The author of Seinfeldia: How a Show About Nothing Changed Everything returns with a look back at the early days of television and how four groundbreaking women carved their own paths and set the standard for how people watch TV today.
The pioneering-women-rescued-from-obscurity literary subgenre is beautifully served by the authoritative and absorbing When Women Invented Television. Like all of Armstrong's books, it goes down like good TV: although it can be consumed without too much effort, its insights are likely to live on in the reader's memory in something not unlike syndication.
Armstrong uses her impressive analytic and research skills to unearth some much less-explored ground ... The shifts between the four different biographies can be jarring, though helpful at times. Armstrong never comes right out and analyzes the differences in the rises and falls of these women, but it’s quite clear that White had an easier path to success than Scott or Berg did. Those disparities become even more plain in the book’s most gripping section, as both Berg and Scott become ensnared in the Hollywood blacklist during the era of McCarthyism ... One might assume that a book about female pioneers in television would have Lucille Ball front and center. She does appear, but her more familiar tale takes a back seat here to these lesser-known stories, which are bolstered by Armstrong’s interviews with Scott’s son and Berg’s grandchildren, and White’s memoirs and other archives. Armstrong also makes strong statements about the fact that women were marking these accomplishments during a time when they were expected to stay home and care for their families ... Armstrong’s volume is a definite step in the right direction toward giving just some of these forgotten women their due.
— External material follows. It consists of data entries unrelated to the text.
definition lower_set :: "('a \<Rightarrow> 'x pref) \<Rightarrow> ('a \<Rightarrow> 'x) \<Rightarrow> ('a \<Rightarrow> 'x pref) set" where
  "lower_set P \<mu> = {P'. profile P' \<and> (\<forall>a. agrees_above (P a) (\<mu> a) (P' a))}"

definition monotonic_discoverability :: "('a, 'o) rule \<Rightarrow> bool" where
  "monotonic_discoverability \<phi> \<longleftrightarrow> (\<forall>\<mu> P. profile P \<longrightarrow>
      \<phi> P = \<mu> \<or> (\<exists>a. \<forall>P' \<in> lower_set P \<mu>. \<phi> P' a \<noteq> \<mu> a))"

type_synonym 'x chist = "('x set \<times> 'x) list"
type_synonym ('a, 'x) chistA = "'a \<Rightarrow> 'x chist"
type_synonym ('a, 'x) menufun = "('a, 'x) chistA \<Rightarrow> 'a \<Rightarrow> 'x set"
type_synonym 'x strategy = "'x chist \<Rightarrow> 'x set \<Rightarrow> 'x"

definition valid_chist :: "'x chist \<Rightarrow> bool" where
  "valid_chist hs \<longleftrightarrow> (\<forall>p \<in> set hs. snd p \<in> fst p)"

definition empty_hist :: "('a, 'x) chistA" where
  "empty_hist = (\<lambda>_. [])"

definition pao :: "('a, 'x) menufun \<Rightarrow> bool" where
  "pao S \<longleftrightarrow> (\<forall>a. S empty_hist a \<noteq> {}) \<and>
     (\<forall>h. h \<noteq> empty_hist \<longrightarrow> (\<forall>a. valid_chist (h a)) \<longrightarrow>
        (\<forall>a. h a \<noteq> [] \<longrightarrow> S h a \<subseteq> fst (last (h a)) - {snd (last (h a))}))"
lemma harm_poly_partial_Z:
  "(\<Sum>(a, b, s)\<in>harm_exps n m. harm_coeff a b s * X ^ a * Y ^ b * (of_nat s * Z ^ (s - 1)))
     = - harm_poly (n - 1) m X Y Z" (is "sum ?f _ = _")
proof -
  let ?sh = "\<lambda>(a, b, s). (a, b, Suc s)"
  have "?f t = 0" if "t \<in> harm_exps n m - ?sh ` harm_exps (n - 1) m" for t
  proof -
    obtain a b s where t: "t = (a, b, s)"
      by (cases t)
    have "s = 0"
      using that unfolding t by (cases s) (auto simp: harm_exps_def image_iff)
    then show ?thesis
      by (simp add: t)
  qed
  then have "sum ?f (harm_exps n m) = sum (?f \<circ> ?sh) (harm_exps (n - 1) m)"
    by (intro sum_reindex_support finite_harm_exps) (auto simp: harm_exps_def inj_on_def)
  also have "\<dots> = - harm_poly (n - 1) m X Y Z"
    unfolding harm_poly_def sum_negf[symmetric]
    by (intro sum.cong) (auto simp: minus_mult_left harm_coeff_Suc_thd[symmetric] simp del: of_nat_Suc)
  finally show ?thesis .
qed

lemma harm_poly_line_deriv:
  "((\<lambda>w. harm_poly n m (X + w * A) (Y + w * B) (Z + w * C)) has_field_derivative
     harm_poly_deriv n m (X + w * A) (Y + w * B) (Z + w * C) A B C) (at w)"
proof -
  define X' Y' Z' where "X' = X + w * A" and "Y' = Y + w * B" and "Z' = Z + w * C"
  have "((\<lambda>w. harm_poly n m (X + w * A) (Y + w * B) (Z + w * C)) has_field_derivative
      (\<Sum>(a, b, s)\<in>harm_exps n m.
         A * (harm_coeff a b s * (of_nat a * X' ^ (a - 1)) * Y' ^ b * Z' ^ s)
       + B * (harm_coeff a b s * X' ^ a * (of_nat b * Y' ^ (b - 1)) * Z' ^ s)
       + C * (harm_coeff a b s * X' ^ a * Y' ^ b * (of_nat s * Z' ^ (s - 1))))) (at w)"
    unfolding harm_poly_def X'_def Y'_def Z'_def case_prod_unfold
    by (intro DERIV_sum) (auto intro!: derivative_eq_intros simp: algebra_simps)
  also have "(\<Sum>(a, b, s)\<in>harm_exps n m.
         A * (harm_coeff a b s * (of_nat a * X' ^ (a - 1)) * Y' ^ b * Z' ^ s)
       + B * (harm_coeff a b s * X' ^ a * (of_nat b * Y' ^ (b - 1)) * Z' ^ s)
       + C * (harm_coeff a b s * X' ^ a * Y' ^ b * (of_nat s * Z' ^ (s - 1))))
      = A * (\<Sum>(a, b, s)\<in>harm_exps n m. harm_coeff a b s * (of_nat a * X' ^ (a - 1)) * Y' ^ b * Z' ^ s)
      + B * (\<Sum>(a, b, s)\<in>harm_exps n m. harm_coeff a b s * X' ^ a * (of_nat b * Y' ^ (b - 1)) * Z' ^ s)
      + C * (\<Sum>(a, b, s)\<in>harm_exps n m. harm_coeff a b s * X' ^ a * Y' ^ b * (of_nat s * Z' ^ (s - 1)))"
    by (simp add: sum.distrib sum_distrib_left case_prod_unfold)
  also have "\<dots> = harm_poly_deriv n m X' Y' Z' A B C"
    unfolding harm_poly_partial_X harm_poly_partial_Y harm_poly_partial_Z harm_poly_deriv_def
    by (simp add: algebra_simps)
  finally show ?thesis
    by (simp only: X'_def Y'_def Z'_def)
qed
(* Let $p$ be an odd prime and $N=C_p\times D_{2p}$, with $C_p=\langle c\rangle$ and $D_{2p}=\langle r,s\mid r^p=s^2=1,\ srs=r^{-1}\rangle$. Let $\varphi\in\mathrm{Aut}(N)$ be given by $\varphi(r)=r,\ \varphi(s)=rs,\ \varphi(c)=c$. Then the $p^2-p$ subgroups $$A_{k,l}=\langle (r,\varphi^k),(c,\varphi^l)\rangle,\quad 0\le k\le p-2,\ 0\le l\le p-1,$$ are isomorphic to $C_p\times C_p$ and are precisely the semiregular subgroups of order $p^2$ of $\mathrm{Hol}(N)$.
   Context: $\mathrm{Hol}(N)=N\rtimes\mathrm{Aut}(N)$, with elements $(x,\varphi)$, product $(x,\varphi)(y,\psi)=(x\varphi(y),\varphi\psi)$, acting on $N$ by $(x,\varphi)\cdot n=x\varphi(n)$. A subgroup is semiregular if all stabilizers of points of $N$ under this action are trivial. *)

theory Defs
  imports "HOL-Algebra.Algebra"
begin

text \<open>The dihedral group D_{2p} of order 2p, realised concretely: the pair (i,e)
  stands for r^i s^e with 0 \<le> i < n, e \<in> {0,1}; then
  (r^i s^e)(r^j s^f) = r^(i + (-1)^e j) s^(e+f).\<close>
definition dihedral_group :: "nat \<Rightarrow> (int \<times> int) monoid" where
  "dihedral_group n =
     \<lparr>carrier = {0..<int n} \<times> {0..<2},
      monoid.mult = (\<lambda>(i,e) (j,f). ((i + (if e = 0 then j else - j)) mod int n, (e + f) mod 2)),
      one = (0, 0)\<rparr>"

definition holomorph :: "('a, 'b) monoid_scheme \<Rightarrow> ('a \<times> ('a \<Rightarrow> 'a)) monoid" where
  "holomorph N =
     \<lparr>carrier = carrier N \<times> auto N,
      monoid.mult = (\<lambda>(x, f) (y, g). (x \<otimes>\<^bsub>N\<^esub> f y, compose (carrier N) f g)),
      one = (\<one>\<^bsub>N\<^esub>, (\<lambda>x \<in> carrier N. x))\<rparr>"

definition hol_act :: "('a, 'b) monoid_scheme \<Rightarrow> 'a \<times> ('a \<Rightarrow> 'a) \<Rightarrow> 'a \<Rightarrow> 'a" where
  "hol_act N h n = fst h \<otimes>\<^bsub>N\<^esub> (snd h) n"

definition semiregular :: "('a, 'b) monoid_scheme \<Rightarrow> ('a \<times> ('a \<Rightarrow> 'a)) set \<Rightarrow> bool" where
  "semiregular N H \<longleftrightarrow>
     (\<forall>n \<in> carrier N. \<forall>h \<in> H. hol_act N h n = n \<longrightarrow> h = \<one>\<^bsub>holomorph N\<^esub>)"

end

theory Submission
  imports Defs
begin

text \<open>Every automorphism of \<open>N = C\<^sub>p \<times> D\<^sub>2\<^sub>p\<close> has the form \<open>c \<mapsto> c\<^sup>a, r \<mapsto> r\<^sup>b, s \<mapsto> r\<^sup>t s\<close>:
  it maps reflections to reflections and the central \<open>c\<close> into the centre. Hence an element of
  \<open>Hol(N)\<close> of order dividing \<open>p\<^sup>2\<close> is \<open>(c\<^sup>\<beta> r\<^sup>\<alpha>, \<phi>\<^sup>m)\<close>: \<open>a \<equiv> b \<equiv> 1\<close> by Fermat's little theorem, and
  no \<open>s\<close> occurs because the exponent of \<open>s\<close> is a homomorphism to \<open>\<int>/2\<close> while \<open>p\<^sup>2\<close> is odd.
  In a semiregular subgroup \<open>H\<close> of order \<open>p\<^sup>2\<close> only the identity fixes \<open>1 \<in> N\<close>, so \<open>(\<beta>, \<alpha>)\<close>
  determines the element and counting gives \<open>(r, \<phi>\<^sup>k), (c, \<phi>\<^sup>l) \<in> H\<close>, whence \<open>H = A\<^sub>k\<^sub>,\<^sub>l\<close>;
  semiregularity at \<open>s\<close> excludes \<open>k \<equiv> -1\<close>. Conversely \<open>A\<^sub>k\<^sub>,\<^sub>l = {(c\<^sup>\<beta> r\<^sup>\<alpha>, \<phi>\<^sup>k\<^sup>\<alpha>\<^sup>+\<^sup>l\<^sup>\<beta>)}\<close> is
  isomorphic to \<open>C\<^sub>p \<times> C\<^sub>p\<close>, and an element fixing \<open>c\<^sup>\<gamma> r\<^sup>\<delta> s\<^sup>e\<close> has \<open>\<beta> \<equiv> 0\<close> and \<open>(1 + k e) \<alpha> \<equiv> 0\<close>.\<close>

section \<open>Fermat's little theorem\<close>

lemma power_Suc_prime_mod:
  fixes a p :: nat assumes "Factorial_Ring.prime p" shows "(a + 1) ^ p mod p = (a ^ p + 1) mod p"
proof -
  have p: "1 < p" using assms prime_gt_1_nat by blast
  have "(a + 1) ^ p = (\<Sum>k\<le>p. (p choose k) * a ^ k)"
    using binomial[of a 1 p] by simp
  also have "{..p} = insert 0 (insert p {1..<p})" using p by auto
  finally have "(a + 1) ^ p = a ^ p + 1 + (\<Sum>k\<in>{1..<p}. (p choose k) * a ^ k)"
    using p by simp
  moreover have "p dvd (\<Sum>k\<in>{1..<p}. (p choose k) * a ^ k)"
    using assms p by (intro dvd_sum) (auto intro!: dvd_mult2 dvd_choose_prime)
  ultimately show ?thesis by auto
qed

lemma power_prime_mod_self:
  fixes a p :: nat assumes "Factorial_Ring.prime p" shows "a ^ p mod p = a mod p"
proof (induction a)
  case 0
  then show ?case using assms prime_gt_0_nat by (simp add: zero_power)
next
  case (Suc a)
  have "Suc a ^ p mod p = (a ^ p mod p + 1) mod p"
    using power_Suc_prime_mod[OF assms] by (simp add: mod_Suc_eq)
  also have "\<dots> = Suc a mod p" using Suc by (simp add: mod_Suc_eq)
  finally show ?case .
qed
(* Fix $0<\alpha<1$, $\lambda>1$, $0<r_0<1$ and $0<\mu<1$. There is a constant $C_3>0$ such that the following holds. Let $s(t)=(s_1(t),s_2(t))$ and $\tilde s(t)=(\tilde s_1(t),\tilde s_2(t))$ be solutions of $$\dot s_1=s_1\Bigl(\tfrac{s_1^2+s_2^2}{r_0}\Bigr)^{\alpha}\log\lambda,\qquad \dot s_2=-s_2\Bigl(\tfrac{s_1^2+s_2^2}{r_0}\Bigr)^{\alpha}\log\lambda$$ where $T>0$ is such that $s(t)$ lies in $D_{r_0/2}=\{s_1^2+s_2^2\le r_0^2/4\}$ for all $t\in[0,T]$ while the trajectory is outside $D_{r_0/2}$ at times $-1$ and $T+1$; let $T_1=T/2$ and $\Delta s_j(t)=\tilde s_j(t)-s_j(t)$. Assume $s_1(t)\neq0\neq s_2(t)$, that $\Delta s_2(t)>0$ and $|\Delta s_1(t)|\le\mu\,\Delta s_2(t)$ for $t\in[0,T]$, and that $\bigl|\frac{\Delta s_2(0)}{s_2(0)}\bigr|<\frac{1-\mu}{72}$. Then for all $T_1<t<T$, $$\Delta s_2(t)<C_3\,\Delta s_2(T_1).$$
   Context: The system is the slow-down vector field in the region where the slow-down function equals $\psi(u)=(u/r_0)^\alpha$; $\lambda$ is the largest eigenvalue of the toral automorphism being slowed down. The constant $C_3$ is uniform over all such pairs of solutions. *)

theory Defs
  imports "HOL-Analysis.Analysis"
begin

definition slow_rate :: "real \<Rightarrow> real \<Rightarrow> real \<Rightarrow> real \<Rightarrow> real \<Rightarrow> real" where
  "slow_rate r0 \<alpha> lam x y = ((x\<^sup>2 + y\<^sup>2) / r0) powr \<alpha> * ln lam"

definition slow_solution ::
  "real \<Rightarrow> real \<Rightarrow> real \<Rightarrow> (real \<Rightarrow> real) \<Rightarrow> (real \<Rightarrow> real) \<Rightarrow> real set \<Rightarrow> bool" where
  "slow_solution r0 \<alpha> lam s1 s2 I \<longleftrightarrow>
     (\<forall>t\<in>I. (s1 has_real_derivative (s1 t * slow_rate r0 \<alpha> lam (s1 t) (s2 t))) (at t within I)
          \<and> (s2 has_real_derivative (- s2 t * slow_rate r0 \<alpha> lam (s1 t) (s2 t))) (at t within I))"

end

theory Submission
  imports Defs
begin

text \<open>The theorem holds with \<open>C3 = 2\<close>, because the gap \<open>\<Delta>s\<^sub>2\<close> is nonincreasing on \<open>[0, T]\<close>.
  Indeed \<open>\<Delta>s\<^sub>2' = -(g(s~) - g(s)) ln \<lambda>\<close> with \<open>g(x, y) = y ((x\<^sup>2 + y\<^sup>2) / r\<^sub>0) powr \<alpha>\<close>, and \<open>g\<close> is
  monotone for the cone order \<open>\<bar>x' - x\<bar> \<le> y' - y\<close>, in which \<open>s~\<close> lies above \<open>s\<close> since \<open>\<mu> < 1\<close>.
  In the coordinates \<open>p = y + x\<close>, \<open>q = y - x\<close> the cone order is the componentwise order and
  \<open>2 g = (p + q) ((p\<^sup>2 + q\<^sup>2) / (2 r\<^sub>0)) powr \<alpha>\<close>, which is symmetric in \<open>p, q\<close> and, as \<open>\<alpha> < 1\<close>,
  nondecreasing in \<open>p\<close>.\<close>

lemma mult_sq_powr_mono:
  fixes c \<alpha> p p' :: real
  assumes "0 < c" "0 < \<alpha>" "p \<le> p'"
  shows "p * (p\<^sup>2 / c) powr \<alpha> \<le> p' * (p'\<^sup>2 / c) powr \<alpha>"
proof (cases "0 \<le> p")
  case True
  have "p\<^sup>2 / c \<le> p'\<^sup>2 / c"
    using True assms by (intro divide_right_mono power_mono) auto
  then have "(p\<^sup>2 / c) powr \<alpha> \<le> (p'\<^sup>2 / c) powr \<alpha>"
    using assms by (intro powr_mono2) auto
  then show ?thesis
    using True assms(3) by (intro mult_mono) auto
next
  case False
  show ?thesis
  proof (cases "0 \<le> p'")
    case True
    have "p * (p\<^sup>2 / c) powr \<alpha> \<le> 0"
      using False by (intro mult_nonpos_nonneg) auto
    also have "0 \<le> p' * (p'\<^sup>2 / c) powr \<alpha>"
      using True by simp
    finally show ?thesis .
  next
    case p'_neg: False
    have "p'\<^sup>2 / c \<le> p\<^sup>2 / c"
      using power_mono[of "-p'" "-p" 2] p'_neg assms by (intro divide_right_mono) auto
    then have "(p'\<^sup>2 / c) powr \<alpha> \<le> (p\<^sup>2 / c) powr \<alpha>"
      using assms by (intro powr_mono2) auto
    then have "p * (p\<^sup>2 / c) powr \<alpha> \<le> p * (p'\<^sup>2 / c) powr \<alpha>"
      using False by (intro mult_left_mono_neg) auto
    also have "\<dots> \<le> p' * (p'\<^sup>2 / c) powr \<alpha>"
      using assms(3) by (intro mult_right_mono) auto
    finally show ?thesis .
  qed
qed

lemma sum_sq_add_mult_nonneg:
  fixes \<alpha> x q :: real
  assumes "0 \<le> \<alpha>" "\<alpha> \<le> 1"
  shows "0 \<le> (x\<^sup>2 + q\<^sup>2) + 2 * \<alpha> * x * (x + q)"
proof -
  have "(x\<^sup>2 + q\<^sup>2) + 2 * \<alpha> * x * (x + q) = (1 - \<alpha>) * (x\<^sup>2 + q\<^sup>2) + \<alpha> * ((x + q)\<^sup>2 + 2 * x\<^sup>2)"
    by (simp add: algebra_simps power2_eq_square)
  also have "\<dots> \<ge> 0"
    using assms by (intro add_nonneg_nonneg mult_nonneg_nonneg) auto
  finally show ?thesis .
qed

lemma has_real_derivative_add_mult_sum_sq_powr:
  fixes c \<alpha> q x :: real
  assumes "0 < c" "0 < x\<^sup>2 + q\<^sup>2"
  shows "((\<lambda>x. (x + q) * ((x\<^sup>2 + q\<^sup>2) / c) powr \<alpha>) has_real_derivative
     ((x\<^sup>2 + q\<^sup>2) / c) powr (\<alpha> - 1) / c * ((x\<^sup>2 + q\<^sup>2) + 2 * \<alpha> * x * (x + q))) (at x)"
proof -
  define v where "v = (x\<^sup>2 + q\<^sup>2) / c"
  have v: "v > 0"
    using assms by (simp add: v_def)
  have "((\<lambda>x. (x + q) * ((x\<^sup>2 + q\<^sup>2) / c) powr \<alpha>) has_real_derivative
      v powr \<alpha> + (x + q) * (\<alpha> * v powr (\<alpha> - 1) * (2 * x / c))) (at x)"
    using v unfolding v_def by (auto intro!: derivative_eq_intros)
  moreover have "v powr \<alpha> + (x + q) * (\<alpha> * v powr (\<alpha> - 1) * (2 * x / c))
      = v powr (\<alpha> - 1) / c * ((x\<^sup>2 + q\<^sup>2) + 2 * \<alpha> * x * (x + q))"
  proof -
    have "x\<^sup>2 + q\<^sup>2 = c * v"
      using assms(1) by (simp add: v_def)
    then show ?thesis
      using v assms(1) by (simp add: powr_diff field_simps)
  qed
  ultimately show ?thesis
    by (simp add: v_def)
qed

lemma add_mult_sum_sq_powr_mono:
  fixes c \<alpha> p p' q :: real
  assumes "0 < c" "0 < \<alpha>" "\<alpha> < 1" "p \<le> p'"
  shows "(p + q) * ((p\<^sup>2 + q\<^sup>2) / c) powr \<alpha> \<le> (p' + q) * ((p'\<^sup>2 + q\<^sup>2) / c) powr \<alpha>"
proof (cases "q = 0")
  case True
  then show ?thesis
    using mult_sq_powr_mono[OF assms(1,2,4)] by simp
next
  case False
  show ?thesis
  proof (rule DERIV_nonneg_imp_nondecreasing[OF assms(4)], intro exI conjI)
    fix x
    have "0 < x\<^sup>2 + q\<^sup>2"
      using False by (simp add: add_nonneg_pos)
    then show "((\<lambda>x. (x + q) * ((x\<^sup>2 + q\<^sup>2) / c) powr \<alpha>) has_real_derivative
        ((x\<^sup>2 + q\<^sup>2) / c) powr (\<alpha> - 1) / c * ((x\<^sup>2 + q\<^sup>2) + 2 * \<alpha> * x * (x + q))) (at x)"
      by (rule has_real_derivative_add_mult_sum_sq_powr[OF assms(1)])
    show "0 \<le> ((x\<^sup>2 + q\<^sup>2) / c) powr (\<alpha> - 1) / c * ((x\<^sup>2 + q\<^sup>2) + 2 * \<alpha> * x * (x + q))"
      using assms sum_sq_add_mult_nonneg[of \<alpha> x q] by simp
  qed
qed

lemma mult_sum_sq_powr_mono_cone:
  fixes r0 \<alpha> x y x' y' :: real
  assumes "0 < r0" "0 < \<alpha>" "\<alpha> < 1" "\<bar>x' - x\<bar> \<le> y' - y"
  shows "y * ((x\<^sup>2 + y\<^sup>2) / r0) powr \<alpha> \<le> y' * ((x'\<^sup>2 + y'\<^sup>2) / r0) powr \<alpha>"
proof -
  let ?G = "\<lambda>p q. (p + q) * ((p\<^sup>2 + q\<^sup>2) / (2 * r0)) powr \<alpha>"
  have G: "2 * (y * ((x\<^sup>2 + y\<^sup>2) / r0) powr \<alpha>) = ?G (y + x) (y - x)" for x y :: real
  proof -
    have "((y + x)\<^sup>2 + (y - x)\<^sup>2) / (2 * r0) = (x\<^sup>2 + y\<^sup>2) / r0"
      using assms(1) by (simp add: field_simps power2_eq_square)
    then show ?thesis by simp
  qed
  have r0: "0 < 2 * r0"
    using assms(1) by simp
  have "?G (y + x) (y - x) \<le> ?G (y' + x') (y - x)"
    using assms(4) by (intro add_mult_sum_sq_powr_mono[OF r0 assms(2,3)]) auto
  also have "\<dots> = ?G (y - x) (y' + x')"
    by (simp add: add.commute)
  also have "\<dots> \<le> ?G (y' - x') (y' + x')"
    using assms(4) by (intro add_mult_sum_sq_powr_mono[OF r0 assms(2,3)]) auto
  also have "\<dots> = ?G (y' + x') (y' - x')"
    by (simp add: add.commute)
  finally show ?thesis
    unfolding G[symmetric] by simp
qed

lemma mult_slow_rate_mono_cone:
  assumes "0 < r0" "0 < \<alpha>" "\<alpha> < 1" "1 \<le> lam" "\<bar>x' - x\<bar> \<le> y' - y"
  shows "y * slow_rate r0 \<alpha> lam x y \<le> y' * slow_rate r0 \<alpha> lam x' y'"
  using mult_right_mono[OF mult_sum_sq_powr_mono_cone[OF assms(1,2,3,5)], of "ln lam"] assms(4)
  by (simp add: slow_rate_def mult.assoc)

lemma slow_solution_subset:
  assumes "slow_solution r0 \<alpha> lam s1 s2 J" "I \<subseteq> J"
  shows "slow_solution r0 \<alpha> lam s1 s2 I"
  using assms unfolding slow_solution_def by (blast intro: has_field_derivative_subset)

lemma slow_solution_gap_antimono:
  assumes "0 < r0" "0 < \<alpha>" "\<alpha> < 1" "1 \<le> lam" "a \<le> b"
    and s: "slow_solution r0 \<alpha> lam s1 s2 {a..b}"
    and t: "slow_solution r0 \<alpha> lam t1 t2 {a..b}"
    and cone: "\<And>x. x \<in> {a..b} \<Longrightarrow> \<bar>t1 x - s1 x\<bar> \<le> t2 x - s2 x"
  shows "t2 b - s2 b \<le> t2 a - s2 a"
proof (rule DERIV_nonpos_imp_decreasing_open[OF \<open>a \<le> b\<close>])
  let ?ds2 = "\<lambda>x. - s2 x * slow_rate r0 \<alpha> lam (s1 x) (s2 x)"
  let ?dt2 = "\<lambda>x. - t2 x * slow_rate r0 \<alpha> lam (t1 x) (t2 x)"
  have deriv: "((\<lambda>x. t2 x - s2 x) has_real_derivative ?dt2 x - ?ds2 x) (at x within {a..b})"
    if "x \<in> {a..b}" for x
    using s t that unfolding slow_solution_def by (blast intro: derivative_intros)
  then show "continuous_on {a..b} (\<lambda>x. t2 x - s2 x)"
    by (meson DERIV_continuous continuous_on_eq_continuous_within)
  fix x
  assume "a < x" "x < b"
  then have "((\<lambda>x. t2 x - s2 x) has_real_derivative ?dt2 x - ?ds2 x) (at x)"
    using deriv[of x] at_within_Icc_at[of a x b] by simp
  moreover have "?dt2 x - ?ds2 x \<le> 0"
    using mult_slow_rate_mono_cone[OF assms(1-4) cone, of x] \<open>a < x\<close> \<open>x < b\<close> by simp
  ultimately show "\<exists>y. ((\<lambda>x. t2 x - s2 x) has_real_derivative y) (at x) \<and> y \<le> 0"
    by blast
qed

theorem lemma6p5:
  fixes \<alpha> lam r0 \<mu> :: real
  assumes "0 < \<alpha>" "\<alpha> < 1" "1 < lam" "0 < r0" "r0 < 1" "0 < \<mu>" "\<mu> < 1"
  shows "\<exists>C3 > 0. \<forall>(T::real) (s1::real\<Rightarrow>real) s2 (t1::real\<Rightarrow>real) t2.
     T > 0 \<longrightarrow>
     slow_solution r0 \<alpha> lam s1 s2 {-1..T+1} \<longrightarrow>
     slow_solution r0 \<alpha> lam t1 t2 {0..T} \<longrightarrow>
     (\<forall>t\<in>{0..T}. (s1 t)\<^sup>2 + (s2 t)\<^sup>2 \<le> r0\<^sup>2 / 4) \<longrightarrow>
     (s1 (-1))\<^sup>2 + (s2 (-1))\<^sup>2 > r0\<^sup>2 / 4 \<longrightarrow>
     (s1 (T+1))\<^sup>2 + (s2 (T+1))\<^sup>2 > r0\<^sup>2 / 4 \<longrightarrow>
     (\<forall>t\<in>{0..T}. s1 t \<noteq> 0 \<and> s2 t \<noteq> 0) \<longrightarrow>
     (\<forall>t\<in>{0..T}. t2 t - s2 t > 0 \<and> \<bar>t1 t - s1 t\<bar> \<le> \<mu> * (t2 t - s2 t)) \<longrightarrow>
     \<bar>(t2 0 - s2 0) / s2 0\<bar> < (1 - \<mu>) / 72 \<longrightarrow>
     (\<forall>t. T/2 < t \<and> t < T \<longrightarrow> t2 t - s2 t < C3 * (t2 (T/2) - s2 (T/2)))"
proof (rule exI[of _ 2], intro conjI allI impI)
  fix T :: real and s1 s2 t1 t2 :: "real \<Rightarrow> real" and t
  assume "T > 0"
    and s: "slow_solution r0 \<alpha> lam s1 s2 {-1..T+1}"
    and t: "slow_solution r0 \<alpha> lam t1 t2 {0..T}"
    and gap: "\<forall>t\<in>{0..T}. t2 t - s2 t > 0 \<and> \<bar>t1 t - s1 t\<bar> \<le> \<mu> * (t2 t - s2 t)"
    and "T/2 < t \<and> t < T"
  then have sub: "{T/2..t} \<subseteq> {0..T}"
    by auto
  have cone: "\<bar>t1 x - s1 x\<bar> \<le> t2 x - s2 x" if "x \<in> {T/2..t}" for x
  proof -
    have "0 < t2 x - s2 x" "\<bar>t1 x - s1 x\<bar> \<le> \<mu> * (t2 x - s2 x)"
      using gap sub that by auto
    then show ?thesis
      using mult_left_le_one_le[of "t2 x - s2 x" \<mu>] assms(6,7) by linarith
  qed
  have "t2 t - s2 t \<le> t2 (T/2) - s2 (T/2)"
  proof (rule slow_solution_gap_antimono[OF assms(4,1,2)])
    show "slow_solution r0 \<alpha> lam s1 s2 {T/2..t}" "slow_solution r0 \<alpha> lam t1 t2 {T/2..t}"
      using sub \<open>T > 0\<close> by (auto intro: slow_solution_subset[OF s] slow_solution_subset[OF t])
  qed (use \<open>T/2 < t \<and> t < T\<close> cone \<open>1 < lam\<close> in auto)
  moreover have "t2 (T/2) - s2 (T/2) > 0"
    using gap \<open>T > 0\<close> by auto
  ultimately show "t2 t - s2 t < 2 * (t2 (T/2) - s2 (T/2))"
    by (simp add: algebra_simps)
qed simp

end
Though meticulous in cataloging their intersecting identities, [Armstrong] returns repeatedly to their shared gender. As a framing device, this can feel slightly at odds with very deep and detailed accounts of disparate treatment and outcomes for each of them. The question of how to think about women as a group with a shared identity is nothing new. Scott herself was inspired by Betty Friedan’s The Feminine Mystique but 'felt trapped between the civil rights movement and the nascent feminist movement.' Armstrong finds herself in a similarly awkward position at times. Though she doesn’t always handle the juxtapositions perfectly, Armstrong successfully crafts an intersectional feminist history, one with room for four very different women in it. Armstrong succeeds in her goal of dusting off these women’s contributions and restoring them to their place in the pantheon of television giants. In prose as charming as the women she writes about, she makes her subjects feel knowable. Although we may never see some of these women’s work (television was often live and unrecorded in the early years), Armstrong makes you feel their genius and charisma, almost like you were there when they invented television.